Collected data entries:
• • • •

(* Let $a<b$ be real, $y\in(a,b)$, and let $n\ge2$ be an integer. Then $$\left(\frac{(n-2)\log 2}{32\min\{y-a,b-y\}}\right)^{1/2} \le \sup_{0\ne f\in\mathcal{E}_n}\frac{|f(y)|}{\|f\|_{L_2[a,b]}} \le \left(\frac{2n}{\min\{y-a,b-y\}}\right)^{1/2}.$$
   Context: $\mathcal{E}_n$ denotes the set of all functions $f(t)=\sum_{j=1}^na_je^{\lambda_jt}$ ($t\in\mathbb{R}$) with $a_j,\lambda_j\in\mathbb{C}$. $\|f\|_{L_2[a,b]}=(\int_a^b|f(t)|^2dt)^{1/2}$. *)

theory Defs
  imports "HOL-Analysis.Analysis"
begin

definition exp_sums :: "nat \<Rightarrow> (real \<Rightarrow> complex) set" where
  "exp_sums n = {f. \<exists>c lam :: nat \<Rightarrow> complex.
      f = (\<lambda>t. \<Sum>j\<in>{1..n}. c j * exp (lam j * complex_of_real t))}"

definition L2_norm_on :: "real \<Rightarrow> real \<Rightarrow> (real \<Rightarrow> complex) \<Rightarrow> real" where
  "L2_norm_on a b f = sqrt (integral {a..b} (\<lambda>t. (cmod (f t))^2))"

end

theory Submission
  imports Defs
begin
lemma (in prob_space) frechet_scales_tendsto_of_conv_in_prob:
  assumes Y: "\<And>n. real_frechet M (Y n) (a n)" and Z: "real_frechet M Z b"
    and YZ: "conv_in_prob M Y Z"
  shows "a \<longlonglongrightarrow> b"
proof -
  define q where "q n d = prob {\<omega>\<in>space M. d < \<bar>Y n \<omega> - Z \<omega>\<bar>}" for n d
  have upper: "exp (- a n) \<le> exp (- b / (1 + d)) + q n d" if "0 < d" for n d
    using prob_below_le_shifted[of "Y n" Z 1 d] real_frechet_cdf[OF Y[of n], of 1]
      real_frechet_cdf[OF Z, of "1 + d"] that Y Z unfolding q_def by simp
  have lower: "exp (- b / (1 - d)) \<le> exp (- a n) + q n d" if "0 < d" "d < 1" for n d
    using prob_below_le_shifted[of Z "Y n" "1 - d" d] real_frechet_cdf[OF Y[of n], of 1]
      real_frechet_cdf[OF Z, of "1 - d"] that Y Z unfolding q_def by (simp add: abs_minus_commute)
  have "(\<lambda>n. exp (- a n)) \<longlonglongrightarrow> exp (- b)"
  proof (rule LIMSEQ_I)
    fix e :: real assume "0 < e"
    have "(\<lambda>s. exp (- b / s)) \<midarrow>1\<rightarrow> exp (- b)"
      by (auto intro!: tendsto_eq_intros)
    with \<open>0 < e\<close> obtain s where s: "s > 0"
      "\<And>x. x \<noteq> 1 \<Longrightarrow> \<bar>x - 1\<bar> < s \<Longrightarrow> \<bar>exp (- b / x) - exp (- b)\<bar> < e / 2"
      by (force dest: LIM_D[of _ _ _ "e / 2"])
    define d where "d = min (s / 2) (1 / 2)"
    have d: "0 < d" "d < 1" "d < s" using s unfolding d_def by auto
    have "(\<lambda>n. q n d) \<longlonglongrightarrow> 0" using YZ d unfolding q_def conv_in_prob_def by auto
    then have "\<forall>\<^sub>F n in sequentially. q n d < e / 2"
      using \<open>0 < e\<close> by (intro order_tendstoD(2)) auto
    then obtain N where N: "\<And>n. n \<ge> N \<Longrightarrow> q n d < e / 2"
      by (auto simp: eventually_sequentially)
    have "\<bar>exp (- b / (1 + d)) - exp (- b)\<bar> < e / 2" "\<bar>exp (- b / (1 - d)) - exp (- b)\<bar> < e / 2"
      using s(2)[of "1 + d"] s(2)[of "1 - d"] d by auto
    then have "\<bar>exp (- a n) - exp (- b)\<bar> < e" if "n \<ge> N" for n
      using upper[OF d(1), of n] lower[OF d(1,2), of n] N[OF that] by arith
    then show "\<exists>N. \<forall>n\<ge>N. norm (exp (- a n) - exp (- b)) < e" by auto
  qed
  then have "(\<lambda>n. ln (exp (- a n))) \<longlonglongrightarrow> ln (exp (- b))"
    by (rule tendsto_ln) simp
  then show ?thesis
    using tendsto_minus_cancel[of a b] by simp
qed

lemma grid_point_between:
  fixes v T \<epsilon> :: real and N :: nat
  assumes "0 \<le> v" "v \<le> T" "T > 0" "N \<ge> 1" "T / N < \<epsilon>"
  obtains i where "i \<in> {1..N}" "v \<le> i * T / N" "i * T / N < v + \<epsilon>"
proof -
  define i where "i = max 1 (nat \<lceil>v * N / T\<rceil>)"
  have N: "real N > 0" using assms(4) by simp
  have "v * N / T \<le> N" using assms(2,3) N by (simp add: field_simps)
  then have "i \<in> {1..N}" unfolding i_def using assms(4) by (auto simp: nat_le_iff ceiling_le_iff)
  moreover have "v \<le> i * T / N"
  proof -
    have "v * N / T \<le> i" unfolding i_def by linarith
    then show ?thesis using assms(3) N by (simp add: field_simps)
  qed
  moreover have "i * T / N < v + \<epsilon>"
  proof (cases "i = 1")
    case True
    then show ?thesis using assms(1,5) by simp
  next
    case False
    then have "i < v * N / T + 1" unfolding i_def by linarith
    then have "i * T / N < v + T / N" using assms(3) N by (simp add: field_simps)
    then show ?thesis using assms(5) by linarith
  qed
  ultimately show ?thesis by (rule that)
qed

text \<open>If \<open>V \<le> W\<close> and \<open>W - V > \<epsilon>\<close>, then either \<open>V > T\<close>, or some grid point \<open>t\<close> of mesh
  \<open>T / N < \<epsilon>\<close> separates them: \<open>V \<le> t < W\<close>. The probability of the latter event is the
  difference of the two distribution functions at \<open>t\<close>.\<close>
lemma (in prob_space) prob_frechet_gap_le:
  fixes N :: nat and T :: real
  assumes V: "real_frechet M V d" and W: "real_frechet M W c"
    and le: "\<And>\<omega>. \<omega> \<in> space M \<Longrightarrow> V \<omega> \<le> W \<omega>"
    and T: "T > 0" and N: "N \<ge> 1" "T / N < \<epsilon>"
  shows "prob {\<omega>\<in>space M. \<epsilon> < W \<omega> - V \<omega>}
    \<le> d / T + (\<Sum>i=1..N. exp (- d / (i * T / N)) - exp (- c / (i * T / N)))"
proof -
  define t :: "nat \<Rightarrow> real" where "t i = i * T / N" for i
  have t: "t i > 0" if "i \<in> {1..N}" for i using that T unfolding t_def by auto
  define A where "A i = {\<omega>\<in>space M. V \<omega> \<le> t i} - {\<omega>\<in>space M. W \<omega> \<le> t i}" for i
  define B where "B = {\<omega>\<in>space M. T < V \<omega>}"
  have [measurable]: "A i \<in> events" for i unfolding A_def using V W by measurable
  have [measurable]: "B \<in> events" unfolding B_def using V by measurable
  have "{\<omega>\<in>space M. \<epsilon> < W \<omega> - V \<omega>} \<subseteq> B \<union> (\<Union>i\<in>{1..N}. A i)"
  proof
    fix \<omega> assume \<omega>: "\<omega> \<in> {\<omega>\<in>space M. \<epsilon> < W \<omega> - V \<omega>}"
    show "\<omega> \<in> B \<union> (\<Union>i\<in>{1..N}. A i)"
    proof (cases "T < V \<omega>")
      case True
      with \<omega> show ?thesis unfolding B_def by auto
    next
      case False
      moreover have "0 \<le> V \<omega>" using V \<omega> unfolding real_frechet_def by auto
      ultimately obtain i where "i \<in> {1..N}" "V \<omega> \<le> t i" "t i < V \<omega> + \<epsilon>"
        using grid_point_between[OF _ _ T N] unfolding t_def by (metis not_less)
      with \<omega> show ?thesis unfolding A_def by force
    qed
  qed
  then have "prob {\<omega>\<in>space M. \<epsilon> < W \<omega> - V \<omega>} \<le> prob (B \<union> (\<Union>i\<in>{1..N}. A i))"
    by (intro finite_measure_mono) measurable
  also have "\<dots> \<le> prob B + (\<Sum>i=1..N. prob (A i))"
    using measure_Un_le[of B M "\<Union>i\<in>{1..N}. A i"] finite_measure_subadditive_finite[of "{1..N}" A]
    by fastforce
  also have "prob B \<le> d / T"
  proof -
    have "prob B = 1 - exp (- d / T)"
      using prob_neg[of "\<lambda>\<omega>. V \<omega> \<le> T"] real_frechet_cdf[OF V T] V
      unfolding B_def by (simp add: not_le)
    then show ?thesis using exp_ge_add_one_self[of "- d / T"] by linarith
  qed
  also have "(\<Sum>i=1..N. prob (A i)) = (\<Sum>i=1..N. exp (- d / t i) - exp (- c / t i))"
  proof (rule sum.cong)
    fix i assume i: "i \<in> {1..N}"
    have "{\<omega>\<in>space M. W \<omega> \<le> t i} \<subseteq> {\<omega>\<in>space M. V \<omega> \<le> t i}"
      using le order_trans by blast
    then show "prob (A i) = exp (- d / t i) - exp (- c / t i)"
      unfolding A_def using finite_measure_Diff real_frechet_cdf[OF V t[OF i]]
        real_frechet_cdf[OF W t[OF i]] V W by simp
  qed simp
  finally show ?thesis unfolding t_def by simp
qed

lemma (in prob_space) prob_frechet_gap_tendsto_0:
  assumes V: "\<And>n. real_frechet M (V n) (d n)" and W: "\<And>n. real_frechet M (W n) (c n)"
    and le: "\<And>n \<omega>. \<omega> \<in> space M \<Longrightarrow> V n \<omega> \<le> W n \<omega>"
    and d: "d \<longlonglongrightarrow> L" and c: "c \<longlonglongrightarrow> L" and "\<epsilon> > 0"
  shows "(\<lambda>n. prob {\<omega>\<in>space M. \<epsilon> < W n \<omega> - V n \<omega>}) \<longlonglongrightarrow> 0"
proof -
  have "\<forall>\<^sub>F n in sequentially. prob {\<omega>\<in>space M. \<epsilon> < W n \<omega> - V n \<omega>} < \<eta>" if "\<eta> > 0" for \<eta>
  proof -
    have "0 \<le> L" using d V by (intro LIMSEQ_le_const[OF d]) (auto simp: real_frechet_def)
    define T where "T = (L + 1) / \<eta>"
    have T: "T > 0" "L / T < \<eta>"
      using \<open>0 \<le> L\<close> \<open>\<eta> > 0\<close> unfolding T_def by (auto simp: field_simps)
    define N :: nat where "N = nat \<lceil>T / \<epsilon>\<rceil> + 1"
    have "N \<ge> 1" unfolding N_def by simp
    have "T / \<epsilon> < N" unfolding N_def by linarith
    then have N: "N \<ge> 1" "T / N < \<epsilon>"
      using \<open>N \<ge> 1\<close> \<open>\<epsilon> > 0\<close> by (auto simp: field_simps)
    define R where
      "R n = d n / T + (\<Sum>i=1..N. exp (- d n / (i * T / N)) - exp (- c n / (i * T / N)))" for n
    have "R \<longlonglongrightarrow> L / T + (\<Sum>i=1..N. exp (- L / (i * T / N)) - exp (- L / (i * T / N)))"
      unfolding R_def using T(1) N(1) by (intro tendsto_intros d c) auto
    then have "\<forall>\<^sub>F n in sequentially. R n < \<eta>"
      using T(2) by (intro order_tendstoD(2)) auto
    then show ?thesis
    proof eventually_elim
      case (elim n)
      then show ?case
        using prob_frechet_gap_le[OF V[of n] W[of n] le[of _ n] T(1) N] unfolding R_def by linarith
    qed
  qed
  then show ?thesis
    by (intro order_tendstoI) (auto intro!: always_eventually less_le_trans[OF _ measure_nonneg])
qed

• • • •

Requirement: Find the line containing "in sequentially. prob" in the data above. Please transcribe it and every line after it, exactly.

Written response:
  have "\<forall>\<^sub>F n in sequentially. prob {\<omega>\<in>space M. \<epsilon> < W n \<omega> - V n \<omega>} < \<eta>" if "\<eta> > 0" for \<eta>
  proof -
    have "0 \<le> L" using d V by (intro LIMSEQ_le_const[OF d]) (auto simp: real_frechet_def)
    define T where "T = (L + 1) / \<eta>"
    have T: "T > 0" "L / T < \<eta>"
      using \<open>0 \<le> L\<close> \<open>\<eta> > 0\<close> unfolding T_def by (auto simp: field_simps)
    define N :: nat where "N = nat \<lceil>T / \<epsilon>\<rceil> + 1"
    have "N \<ge> 1" unfolding N_def by simp
    have "T / \<epsilon> < N" unfolding N_def by linarith
    then have N: "N \<ge> 1" "T / N < \<epsilon>"
      using \<open>N \<ge> 1\<close> \<open>\<epsilon> > 0\<close> by (auto simp: field_simps)
    define R where
      "R n = d n / T + (\<Sum>i=1..N. exp (- d n / (i * T / N)) - exp (- c n / (i * T / N)))" for n
    have "R \<longlonglongrightarrow> L / T + (\<Sum>i=1..N. exp (- L / (i * T / N)) - exp (- L / (i * T / N)))"
      unfolding R_def using T(1) N(1) by (intro tendsto_intros d c) auto
    then have "\<forall>\<^sub>F n in sequentially. R n < \<eta>"
      using T(2) by (intro order_tendstoD(2)) auto
    then show ?thesis
    proof eventually_elim
      case (elim n)
      then show ?case
        using prob_frechet_gap_le[OF V[of n] W[of n] le[of _ n] T(1) N] unfolding R_def by linarith
    qed
  qed
  then show ?thesis
    by (intro order_tendstoI) (auto intro!: always_eventually less_le_trans[OF _ measure_nonneg])
qed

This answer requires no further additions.